## Prompt:
Only the lines from the one containing "using lam_new \<open>n" through the last line below should be written out, exactly and with both ends kept.

Dataset items
[Start of Attachment]

(* Let $N\ge 1$ and let $L=\sum_{i=0}^N a_i(x)\partial_x^i$, where each $a_i$ is a complex polynomial with $\deg a_i\le i$, written $a_i(x)=\sum_{j=0}^i a_{i,j}x^j$, with $a_0\equiv 0$ and with the convention $a_i\equiv 0$ (all $a_{i,j}=0$) for $i>N$. For $n\ge 0$ and $0\le k\le n$ put $$\delta_n^{(k)}=\sum_{i=k}^{n}\binom{n}{i}\, i!\, a_{i,i-k}.$$ 1. For every $n\ge 0$, every $\lambda_n\in\mathbb{C}$ and every monic polynomial $P_n(x)=\sum_{i=0}^n b_{n,i}x^i$ of degree $n$ ($b_{n,n}=1$, and $b_{n,s}=0$ for $s>n$), the identity $\sum_{i=1}^N a_i(x)\partial_x^iP_n(x)=\lambda_nP_n(x)$ holds if and only if $$\sum_{k=0}^N\delta_{m+k}^{(k)}\, b_{n,m+k}=\lambda_n b_{n,m},\qquad m=0,1,\ldots,n.$$ 2. Suppose that there are complex numbers $\lambda_n$ ($n\ge 0$, $\lambda_0=0$) and monic polynomials $P_n$ of degree $n$ with $\sum_{i=1}^N a_i\partial_x^iP_n=\lambda_nP_n$ for all $n\ge0$. Let $M$ be the semi-infinite upper triangular matrix with entries (rows and columns indexed from $0$) $M_{r,c}=\delta_c^{(c-r)}$ if $0\le c-r\le N$ and $M_{r,c}=0$ otherwise, and let $M_{n+1}$ be its truncation to the first $n+1$ rows and columns. Assume $\lambda_n\notin\{0,\lambda_1,\ldots,\lambda_{n-1}\}$ for all $n=1,2,\ldots$. Then for each $n\ge1$, $P_n$ is the unique monic polynomial (of degree $n$) satisfying $\sum_{i=1}^N a_i\partial_x^iP_n=\lambda_nP_n$, and its coefficient vector $b_n=(b_{n,0},\ldots,b_{n,n-1},1)^T$ is an eigenvector of $M_{n+1}$ for the eigenvalue $\lambda_n$, i.e. $(M_{n+1}-\lambda_nI_{n+1})b_n=0$.
   Context: $\partial_x^i$ denotes the $i$-th derivative with respect to $x$. The normalization $a_0\equiv0$, $\lambda_0=0$ is a standing convention of the paper. *)

theory Defs
  imports "HOL-Computational_Algebra.Polynomial"
begin

definition Lop :: "nat \<Rightarrow> (nat \<Rightarrow> complex poly) \<Rightarrow> complex poly \<Rightarrow> complex poly" where
  "Lop N a p = (\<Sum>i=1..N. a i * (pderiv ^^ i) p)"

definition delta :: "(nat \<Rightarrow> complex poly) \<Rightarrow> nat \<Rightarrow> nat \<Rightarrow> complex" where
  "delta a n k = (\<Sum>i=k..n. of_nat (n choose i) * fact i * coeff (a i) (i - k))"

definition Mmat :: "nat \<Rightarrow> (nat \<Rightarrow> complex poly) \<Rightarrow> nat \<Rightarrow> nat \<Rightarrow> complex" where
  "Mmat N a r c = (if r \<le> c \<and> c - r \<le> N then delta a c (c - r) else 0)"

end

theory Submission
  imports Defs
begin

text \<open>
  The coefficient of x^m in the i-th derivative of P is (m+i choose i) i! b_{m+i}. Writing the
  monomials of a_i as x^(i-k), the coefficient of x^m in L P becomes
  sum_k delta_{m+k}^(k) b_{m+k}; the binomial coefficient vanishes exactly on the terms that do
  not occur. This gives part 1 and, row by row, the eigenvector equation for M. In particular L
  does not raise degrees and acts on the top coefficient of a nonzero D of degree d as
  multiplication by delta_d^(0), so that is the only possible eigenvalue of D, and
  lambda_d = delta_d^(0). The difference of two monic eigenpolynomials of degree n for lambda_n
  has lower degree d, hence vanishes since lambda_n differs from lambda_d and from lambda_0 = 0.
\<close>

lemma pochhammer_Suc_of_nat:
  "pochhammer (of_nat (Suc n) :: 'a :: field_char_0) k = of_nat ((n + k) choose k) * fact k"
proof -
  have "(of_nat ((n + k) choose k) :: 'a) = pochhammer (of_nat (n + k) - of_nat k + 1) k / fact k"
    by (simp add: binomial_gbinomial gbinomial_pochhammer')
  then show ?thesis
    by (simp add: field_simps)
qed

lemma coeff_higher_pderiv_binomial:
  fixes p :: "'a :: field_char_0 poly"
  shows "coeff ((pderiv ^^ k) p) n = of_nat ((n + k) choose k) * fact k * coeff p (n + k)"
  unfolding coeff_higher_pderiv pochhammer_Suc_of_nat ..

lemma coeff_mult_higher_pderiv:
  fixes p q :: "'a :: field_char_0 poly"
  assumes "degree q \<le> i"
  shows "coeff (q * (pderiv ^^ i) p) m =
    (\<Sum>k=0..i. coeff q (i - k) * of_nat ((m + k) choose i) * fact i * coeff p (m + k))"
proof -
  define h where "h j = coeff q j * of_nat ((m + i - j) choose i) * fact i * coeff p (m + i - j)" for j
  have "coeff (q * (pderiv ^^ i) p) m = (\<Sum>j\<le>m. h j)"
    by (auto simp: coeff_mult coeff_higher_pderiv_binomial h_def mult_ac intro!: sum.cong)
  also have "\<dots> = (\<Sum>j\<in>{..m} \<inter> {0..i}. h j)"
    using assms by (intro sum.mono_neutral_right) (auto simp: h_def coeff_eq_0)
  also have "\<dots> = (\<Sum>j=0..i. h j)"
    by (intro sum.mono_neutral_left) (auto simp: h_def)
  also have "\<dots> = (\<Sum>k=0..i. h (i - k))"
    by (subst sum.atLeastAtMost_rev) simp
  also have "\<dots> = (\<Sum>k=0..i. coeff q (i - k) * of_nat ((m + k) choose i) * fact i * coeff p (m + k))"
    by (intro sum.cong) (auto simp: h_def)
  finally show ?thesis .
qed

lemma sum_atMost_triangle_swap:
  fixes n :: nat
  shows "(\<Sum>i\<le>n. \<Sum>k=0..i. f i k) = (\<Sum>k\<le>n. \<Sum>i=k..n. f i k :: 'a :: comm_monoid_add)"
  by (induction n) (simp_all add: sum.distrib atLeast0AtMost)

lemma Lop_diff: "Lop N a (p - q) = Lop N a p - Lop N a q"
proof -
  have higher_pderiv_diff: "(pderiv ^^ i) (p - q) = (pderiv ^^ i) p - (pderiv ^^ i) q" for i
    by (simp add: poly_eq_iff coeff_higher_pderiv algebra_simps)
  show ?thesis
    unfolding Lop_def higher_pderiv_diff right_diff_distrib sum_subtractf ..
qed

lemma Mmat_row_sum:
  assumes "degree p \<le> n"
  shows "(\<Sum>c=0..n. Mmat N a r c * coeff p c) = (\<Sum>k=0..N. delta a (r + k) k * coeff p (r + k))"
proof -
  have "(\<Sum>c=0..n. Mmat N a r c * coeff p c) = (\<Sum>c=0..n+N+r. Mmat N a r c * coeff p c)"
    using assms by (intro sum.mono_neutral_left) (auto simp: coeff_eq_0)
  also have "\<dots> = (\<Sum>c=r..r+N. delta a c (c - r) * coeff p c)"
    by (intro sum.mono_neutral_cong_right) (auto simp: Mmat_def)
  also have "\<dots> = (\<Sum>k=0..N. delta a (r + k) k * coeff p (r + k))"
    using sum.shift_bounds_cl_nat_ivl[of "\<lambda>c. delta a c (c - r) * coeff p c" 0 r N]
    by (simp add: add.commute)
  finally show ?thesis .
qed

locale degree_preserving_operator =
  fixes N :: nat and a :: "nat \<Rightarrow> complex poly"
  assumes degree_a: "degree (a i) \<le> i"
    and a_0: "a 0 = 0"
    and a_beyond: "N < i \<Longrightarrow> a i = 0"
begin

lemma coeff_Lop: "coeff (Lop N a p) m = (\<Sum>k=0..N. delta a (m + k) k * coeff p (m + k))"
proof -
  define c where "c i k = coeff (a i) (i - k) * of_nat ((m + k) choose i) * fact i * coeff p (m + k)" for i k
  have row: "(\<Sum>i=k..N. c i k) = delta a (m + k) k * coeff p (m + k)" for k
  proof -
    have "(\<Sum>i=k..N. c i k) = (\<Sum>i=k..N+m+k. c i k)"
      by (intro sum.mono_neutral_left) (auto simp: c_def a_beyond)
    also have "\<dots> = (\<Sum>i=k..m+k. c i k)"
      by (intro sum.mono_neutral_right) (auto simp: c_def)
    finally show ?thesis
      unfolding c_def delta_def sum_distrib_right by (simp add: mult_ac)
  qed
  have "coeff (Lop N a p) m = (\<Sum>i=1..N. \<Sum>k=0..i. c i k)"
    by (simp add: Lop_def coeff_sum coeff_mult_higher_pderiv degree_a c_def)
  also have "\<dots> = (\<Sum>i\<le>N. \<Sum>k=0..i. c i k)"
    by (intro sum.mono_neutral_left) (auto simp: c_def a_0 Suc_le_eq)
  also have "\<dots> = (\<Sum>k\<le>N. \<Sum>i=k..N. c i k)"
    by (rule sum_atMost_triangle_swap)
  finally show ?thesis
    by (simp add: row atLeast0AtMost)
qed

lemma Lop_eq_smult_iff:
  assumes "degree p \<le> n"
  shows "Lop N a p = smult lam p \<longleftrightarrow>
    (\<forall>m\<le>n. (\<Sum>k=0..N. delta a (m + k) k * coeff p (m + k)) = lam * coeff p m)"
proof -
  have "coeff (Lop N a p) m = lam * coeff p m" if "n < m" for m
    using assms that by (simp add: coeff_Lop coeff_eq_0)
  then have "Lop N a p = smult lam p \<longleftrightarrow> (\<forall>m\<le>n. coeff (Lop N a p) m = lam * coeff p m)"
    by (metis coeff_smult not_le poly_eq_iff)
  then show ?thesis
    by (simp add: coeff_Lop)
qed

lemma Mmat_eigenvector:
  assumes "degree p \<le> n" "Lop N a p = smult lam p" "r \<le> n"
  shows "(\<Sum>c=0..n. Mmat N a r c * coeff p c) = lam * coeff p r"
  using assms by (simp add: Mmat_row_sum Lop_eq_smult_iff)

lemma coeff_Lop_top:
  assumes "degree p \<le> d"
  shows "coeff (Lop N a p) d = delta a d 0 * coeff p d"
proof -
  have "(\<Sum>k=0..N. delta a (d + k) k * coeff p (d + k)) = (\<Sum>k\<in>{0}. delta a (d + k) k * coeff p (d + k))"
    using assms by (intro sum.mono_neutral_right) (auto simp: coeff_eq_0)
  then show ?thesis
    by (simp add: coeff_Lop)
qed

lemma eigenvalue_eq_delta:
  assumes "Lop N a p = smult lam p" and "p \<noteq> 0"
  shows "lam = delta a (degree p) 0"
  using coeff_Lop_top[of p "degree p"] assms by simp

lemma monic_eigenpolynomial_unique:
  assumes "degree p = n" "lead_coeff p = 1" "Lop N a p = smult lam p"
    and "degree q = n" "lead_coeff q = 1" "Lop N a q = smult lam q"
    and "\<And>d. d < n \<Longrightarrow> delta a d 0 \<noteq> lam"
  shows "p = q"
proof (rule ccontr)
  assume "p \<noteq> q"
  then have "p - q \<noteq> 0"
    by simp
  moreover have "degree (p - q) \<le> n" and "coeff (p - q) n = 0"
    using assms by (auto intro: degree_diff_le)
  ultimately have "degree (p - q) < n"
    by (metis le_neq_implies_less leading_coeff_0_iff)
  moreover have "Lop N a (p - q) = smult lam (p - q)"
    using assms by (simp add: Lop_diff smult_diff_right)
  ultimately show False
    using eigenvalue_eq_delta \<open>p - q \<noteq> 0\<close> assms(7) by metis
qed

end

theorem theorem1:
  fixes N :: nat and a :: "nat \<Rightarrow> complex poly"
  assumes N1: "N \<ge> 1"
    and deg_a: "\<And>i. degree (a i) \<le> i"
    and a0: "a 0 = 0"
    and a_big: "\<And>i. i > N \<Longrightarrow> a i = 0"
  shows
    "(\<forall>n (lam::complex) (P::complex poly). degree P = n \<longrightarrow> lead_coeff P = 1 \<longrightarrow>
        (Lop N a P = smult lam P \<longleftrightarrow>
         (\<forall>m\<le>n. (\<Sum>k=0..N. delta a (m + k) k * coeff P (m + k)) = lam * coeff P m)))
     \<and>
     (\<forall>(lam::nat \<Rightarrow> complex) (P::nat \<Rightarrow> complex poly).
        lam 0 = 0 \<longrightarrow>
        (\<forall>n. degree (P n) = n \<and> lead_coeff (P n) = 1 \<and> Lop N a (P n) = smult (lam n) (P n)) \<longrightarrow>
        (\<forall>n\<ge>1. lam n \<noteq> 0 \<and> (\<forall>j\<in>{1..<n}. lam n \<noteq> lam j)) \<longrightarrow>
        (\<forall>n\<ge>1.
           (\<forall>Q::complex poly. degree Q = n \<and> lead_coeff Q = 1 \<and> Lop N a Q = smult (lam n) Q
               \<longrightarrow> Q = P n)
         \<and> (\<forall>r\<le>n. (\<Sum>c=0..n. Mmat N a r c * coeff (P n) c) - lam n * coeff (P n) r = 0)))"
proof -
  interpret degree_preserving_operator N a
    using deg_a a0 a_big by unfold_locales
  show ?thesis
  proof (intro conjI allI impI)
    fix lam :: "nat \<Rightarrow> complex" and P :: "nat \<Rightarrow> complex poly" and n :: nat
    assume "lam 0 = 0" and P: "\<forall>n. degree (P n) = n \<and> lead_coeff (P n) = 1 \<and> Lop N a (P n) = smult (lam n) (P n)"
      and lam_new: "\<forall>n\<ge>1. lam n \<noteq> 0 \<and> (\<forall>j\<in>{1..<n}. lam n \<noteq> lam j)" and "n \<ge> 1"
    have lam_eq: "lam d = delta a d 0" for d
      using P eigenvalue_eq_delta[of "P d" "lam d"] by (metis leading_coeff_0_iff zero_neq_one)
    have "lam n \<noteq> 0" "\<forall>j\<in>{1..<n}. lam n \<noteq> lam j"
      using lam_new \<open>n \<ge> 1\<close> by auto
    then have "delta a d 0 \<noteq> lam n" if "d < n" for d
      using \<open>lam 0 = 0\<close> that unfolding lam_eq [symmetric]
      by (metis atLeastLessThan_iff less_one linorder_not_le)
    then show "Q = P n" if "degree Q = n \<and> lead_coeff Q = 1 \<and> Lop N a Q = smult (lam n) Q" for Q
      using P that monic_eigenpolynomial_unique by blast
    show "(\<Sum>c=0..n. Mmat N a r c * coeff (P n) c) - lam n * coeff (P n) r = 0" if "r \<le> n" for r
      using P that by (simp add: Mmat_eigenvector)
  qed (simp add: Lop_eq_smult_iff)
qed

end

[End of Attachment]

## Solution to this task:
      using lam_new \<open>n \<ge> 1\<close> by auto
    then have "delta a d 0 \<noteq> lam n" if "d < n" for d
      using \<open>lam 0 = 0\<close> that unfolding lam_eq [symmetric]
      by (metis atLeastLessThan_iff less_one linorder_not_le)
    then show "Q = P n" if "degree Q = n \<and> lead_coeff Q = 1 \<and> Lop N a Q = smult (lam n) Q" for Q
      using P that monic_eigenpolynomial_unique by blast
    show "(\<Sum>c=0..n. Mmat N a r c * coeff (P n) c) - lam n * coeff (P n) r = 0" if "r \<le> n" for r
      using P that by (simp add: Mmat_eigenvector)
  qed (simp add: Lop_eq_smult_iff)
qed

end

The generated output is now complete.